◆ Data provided
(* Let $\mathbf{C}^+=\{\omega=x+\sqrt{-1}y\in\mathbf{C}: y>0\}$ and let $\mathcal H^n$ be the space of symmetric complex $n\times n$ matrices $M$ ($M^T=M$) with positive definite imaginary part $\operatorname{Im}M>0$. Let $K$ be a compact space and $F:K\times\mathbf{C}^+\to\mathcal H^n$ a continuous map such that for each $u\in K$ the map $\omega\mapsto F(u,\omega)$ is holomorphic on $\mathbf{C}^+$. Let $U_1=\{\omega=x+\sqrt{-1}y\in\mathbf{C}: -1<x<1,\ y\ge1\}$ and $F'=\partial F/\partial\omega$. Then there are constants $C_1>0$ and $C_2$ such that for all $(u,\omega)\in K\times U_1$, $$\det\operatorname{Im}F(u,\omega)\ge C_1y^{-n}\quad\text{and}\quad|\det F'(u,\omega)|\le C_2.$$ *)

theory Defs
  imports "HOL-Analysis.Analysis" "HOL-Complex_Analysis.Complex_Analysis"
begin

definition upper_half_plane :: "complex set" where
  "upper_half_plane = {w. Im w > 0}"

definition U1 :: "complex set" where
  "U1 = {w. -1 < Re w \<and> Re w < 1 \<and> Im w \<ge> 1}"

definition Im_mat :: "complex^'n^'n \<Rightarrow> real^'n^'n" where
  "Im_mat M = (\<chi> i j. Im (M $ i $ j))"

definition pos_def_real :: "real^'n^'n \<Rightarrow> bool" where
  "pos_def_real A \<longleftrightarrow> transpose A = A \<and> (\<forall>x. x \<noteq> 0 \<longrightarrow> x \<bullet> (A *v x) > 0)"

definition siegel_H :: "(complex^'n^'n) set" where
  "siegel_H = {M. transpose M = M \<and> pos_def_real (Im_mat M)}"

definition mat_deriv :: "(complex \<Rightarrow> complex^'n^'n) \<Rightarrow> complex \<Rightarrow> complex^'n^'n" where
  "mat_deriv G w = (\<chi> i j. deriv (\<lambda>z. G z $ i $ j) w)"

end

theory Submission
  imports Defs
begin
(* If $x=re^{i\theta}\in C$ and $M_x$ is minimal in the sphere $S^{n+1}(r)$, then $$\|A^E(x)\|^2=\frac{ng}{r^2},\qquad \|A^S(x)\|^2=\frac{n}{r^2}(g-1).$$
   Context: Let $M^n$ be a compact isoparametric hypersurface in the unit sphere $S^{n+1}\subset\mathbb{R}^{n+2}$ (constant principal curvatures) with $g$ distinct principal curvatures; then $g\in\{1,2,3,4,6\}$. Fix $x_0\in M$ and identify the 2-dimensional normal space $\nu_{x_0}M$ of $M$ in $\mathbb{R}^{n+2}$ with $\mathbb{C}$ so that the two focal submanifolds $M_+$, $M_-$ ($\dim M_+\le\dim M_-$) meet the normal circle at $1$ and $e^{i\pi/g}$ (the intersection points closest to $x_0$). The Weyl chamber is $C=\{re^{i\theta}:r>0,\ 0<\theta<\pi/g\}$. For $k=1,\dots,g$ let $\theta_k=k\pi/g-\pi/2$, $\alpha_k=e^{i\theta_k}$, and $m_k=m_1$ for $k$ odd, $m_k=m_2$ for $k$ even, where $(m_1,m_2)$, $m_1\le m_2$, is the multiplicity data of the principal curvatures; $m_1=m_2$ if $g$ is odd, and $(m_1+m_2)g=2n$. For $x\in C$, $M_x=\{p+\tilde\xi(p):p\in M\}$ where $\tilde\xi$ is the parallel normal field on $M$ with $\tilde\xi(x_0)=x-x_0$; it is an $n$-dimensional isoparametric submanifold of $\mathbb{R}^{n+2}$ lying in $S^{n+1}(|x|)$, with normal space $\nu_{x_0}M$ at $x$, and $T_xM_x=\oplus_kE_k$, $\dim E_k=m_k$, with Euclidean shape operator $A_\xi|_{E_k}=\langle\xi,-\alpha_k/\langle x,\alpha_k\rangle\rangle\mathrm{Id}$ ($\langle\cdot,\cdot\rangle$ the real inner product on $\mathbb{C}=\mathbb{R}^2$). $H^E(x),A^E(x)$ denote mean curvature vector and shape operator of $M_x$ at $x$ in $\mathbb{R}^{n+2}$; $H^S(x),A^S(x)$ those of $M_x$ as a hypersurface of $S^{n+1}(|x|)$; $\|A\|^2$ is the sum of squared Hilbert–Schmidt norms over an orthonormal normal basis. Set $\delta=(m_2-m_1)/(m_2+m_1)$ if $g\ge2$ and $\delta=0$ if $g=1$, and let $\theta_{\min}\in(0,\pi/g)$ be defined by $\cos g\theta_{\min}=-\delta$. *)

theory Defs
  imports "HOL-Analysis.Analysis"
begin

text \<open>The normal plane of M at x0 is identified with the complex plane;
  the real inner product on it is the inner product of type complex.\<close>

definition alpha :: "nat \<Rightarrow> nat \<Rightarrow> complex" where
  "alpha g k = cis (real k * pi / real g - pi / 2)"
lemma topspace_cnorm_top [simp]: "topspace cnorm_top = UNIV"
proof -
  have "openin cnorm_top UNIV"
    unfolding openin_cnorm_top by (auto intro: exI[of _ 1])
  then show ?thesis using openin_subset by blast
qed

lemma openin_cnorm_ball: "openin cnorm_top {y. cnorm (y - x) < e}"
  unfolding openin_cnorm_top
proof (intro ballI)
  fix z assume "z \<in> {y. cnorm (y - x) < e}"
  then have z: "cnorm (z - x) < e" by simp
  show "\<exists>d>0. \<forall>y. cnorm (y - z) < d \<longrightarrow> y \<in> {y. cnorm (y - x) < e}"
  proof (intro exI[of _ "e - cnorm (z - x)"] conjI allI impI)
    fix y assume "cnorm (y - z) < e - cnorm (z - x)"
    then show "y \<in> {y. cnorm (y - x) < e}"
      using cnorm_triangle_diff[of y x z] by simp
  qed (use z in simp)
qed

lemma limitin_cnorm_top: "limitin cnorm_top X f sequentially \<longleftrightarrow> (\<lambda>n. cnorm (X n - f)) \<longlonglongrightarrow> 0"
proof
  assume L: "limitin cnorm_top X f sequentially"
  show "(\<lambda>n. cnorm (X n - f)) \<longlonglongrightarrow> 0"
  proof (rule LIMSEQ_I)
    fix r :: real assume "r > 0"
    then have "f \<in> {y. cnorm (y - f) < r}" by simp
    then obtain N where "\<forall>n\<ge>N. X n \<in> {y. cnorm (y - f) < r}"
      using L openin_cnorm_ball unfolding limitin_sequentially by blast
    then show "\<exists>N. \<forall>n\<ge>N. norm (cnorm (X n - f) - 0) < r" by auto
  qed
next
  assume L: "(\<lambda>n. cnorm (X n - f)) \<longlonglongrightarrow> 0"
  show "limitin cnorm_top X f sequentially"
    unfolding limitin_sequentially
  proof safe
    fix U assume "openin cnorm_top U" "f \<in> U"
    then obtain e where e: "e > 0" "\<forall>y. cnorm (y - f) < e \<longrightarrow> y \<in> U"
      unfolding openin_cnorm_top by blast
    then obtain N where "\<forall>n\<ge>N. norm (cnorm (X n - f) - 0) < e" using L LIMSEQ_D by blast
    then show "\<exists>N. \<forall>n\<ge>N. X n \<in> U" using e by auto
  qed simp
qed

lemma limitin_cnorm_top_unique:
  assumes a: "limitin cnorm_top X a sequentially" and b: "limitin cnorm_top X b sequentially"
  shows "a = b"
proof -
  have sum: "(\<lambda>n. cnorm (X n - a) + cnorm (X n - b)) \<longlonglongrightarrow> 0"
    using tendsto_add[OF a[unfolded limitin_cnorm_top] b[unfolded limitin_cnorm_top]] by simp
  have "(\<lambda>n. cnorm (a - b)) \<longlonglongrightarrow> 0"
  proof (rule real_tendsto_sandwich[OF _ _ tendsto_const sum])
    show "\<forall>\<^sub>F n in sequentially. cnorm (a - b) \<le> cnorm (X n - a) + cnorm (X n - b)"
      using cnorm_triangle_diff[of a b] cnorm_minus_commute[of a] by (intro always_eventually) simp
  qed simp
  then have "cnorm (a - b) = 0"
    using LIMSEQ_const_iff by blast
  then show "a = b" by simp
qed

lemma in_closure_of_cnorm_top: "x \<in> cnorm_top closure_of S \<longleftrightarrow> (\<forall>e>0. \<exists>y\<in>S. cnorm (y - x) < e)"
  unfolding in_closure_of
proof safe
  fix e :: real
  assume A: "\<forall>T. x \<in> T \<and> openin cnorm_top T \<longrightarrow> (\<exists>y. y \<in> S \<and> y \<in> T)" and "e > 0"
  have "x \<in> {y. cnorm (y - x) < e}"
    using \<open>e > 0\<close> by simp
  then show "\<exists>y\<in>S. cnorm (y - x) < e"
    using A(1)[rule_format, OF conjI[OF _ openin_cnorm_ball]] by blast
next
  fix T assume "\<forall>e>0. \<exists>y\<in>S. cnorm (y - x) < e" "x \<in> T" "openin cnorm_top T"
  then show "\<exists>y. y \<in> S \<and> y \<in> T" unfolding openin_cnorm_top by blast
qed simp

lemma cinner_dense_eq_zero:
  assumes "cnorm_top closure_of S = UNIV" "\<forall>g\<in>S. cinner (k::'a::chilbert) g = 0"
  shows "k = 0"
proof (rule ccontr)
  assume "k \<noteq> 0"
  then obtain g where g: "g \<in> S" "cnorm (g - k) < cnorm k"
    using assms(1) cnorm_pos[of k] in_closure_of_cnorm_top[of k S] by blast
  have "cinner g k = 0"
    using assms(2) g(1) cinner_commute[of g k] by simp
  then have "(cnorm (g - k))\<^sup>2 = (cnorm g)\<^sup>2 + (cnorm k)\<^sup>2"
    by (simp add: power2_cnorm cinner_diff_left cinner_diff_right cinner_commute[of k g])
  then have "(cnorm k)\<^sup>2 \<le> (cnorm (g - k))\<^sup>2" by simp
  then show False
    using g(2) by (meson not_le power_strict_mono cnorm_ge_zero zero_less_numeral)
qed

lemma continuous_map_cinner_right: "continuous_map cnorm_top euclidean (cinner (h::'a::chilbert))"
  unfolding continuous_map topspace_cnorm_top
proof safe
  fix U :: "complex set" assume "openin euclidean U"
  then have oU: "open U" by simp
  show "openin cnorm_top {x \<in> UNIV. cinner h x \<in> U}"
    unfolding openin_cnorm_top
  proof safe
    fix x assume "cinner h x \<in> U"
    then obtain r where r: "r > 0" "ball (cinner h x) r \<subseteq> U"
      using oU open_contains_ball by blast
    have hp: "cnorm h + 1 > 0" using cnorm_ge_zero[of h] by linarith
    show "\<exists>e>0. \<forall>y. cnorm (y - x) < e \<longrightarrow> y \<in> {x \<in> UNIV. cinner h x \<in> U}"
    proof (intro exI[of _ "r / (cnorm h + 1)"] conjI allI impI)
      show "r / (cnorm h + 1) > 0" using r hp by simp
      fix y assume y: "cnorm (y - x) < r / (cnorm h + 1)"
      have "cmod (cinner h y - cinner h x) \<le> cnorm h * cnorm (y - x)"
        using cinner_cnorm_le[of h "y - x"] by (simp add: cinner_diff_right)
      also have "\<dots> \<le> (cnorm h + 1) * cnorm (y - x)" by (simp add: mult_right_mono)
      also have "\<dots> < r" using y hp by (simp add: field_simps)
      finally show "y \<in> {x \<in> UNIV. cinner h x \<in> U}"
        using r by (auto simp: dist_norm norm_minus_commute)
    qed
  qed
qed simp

◆ What is required
When you reach the line in the material above that holds "using L openin_cnorm_ball", begin reproducing lines exactly, and stop after the line that holds "LIMSEQ_D by blast".

◆ Problem solution
      using L openin_cnorm_ball unfolding limitin_sequentially by blast
    then show "\<exists>N. \<forall>n\<ge>N. norm (cnorm (X n - f) - 0) < r" by auto
  qed
next
  assume L: "(\<lambda>n. cnorm (X n - f)) \<longlonglongrightarrow> 0"
  show "limitin cnorm_top X f sequentially"
    unfolding limitin_sequentially
  proof safe
    fix U assume "openin cnorm_top U" "f \<in> U"
    then obtain e where e: "e > 0" "\<forall>y. cnorm (y - f) < e \<longrightarrow> y \<in> U"
      unfolding openin_cnorm_top by blast
    then obtain N where "\<forall>n\<ge>N. norm (cnorm (X n - f) - 0) < e" using L LIMSEQ_D by blast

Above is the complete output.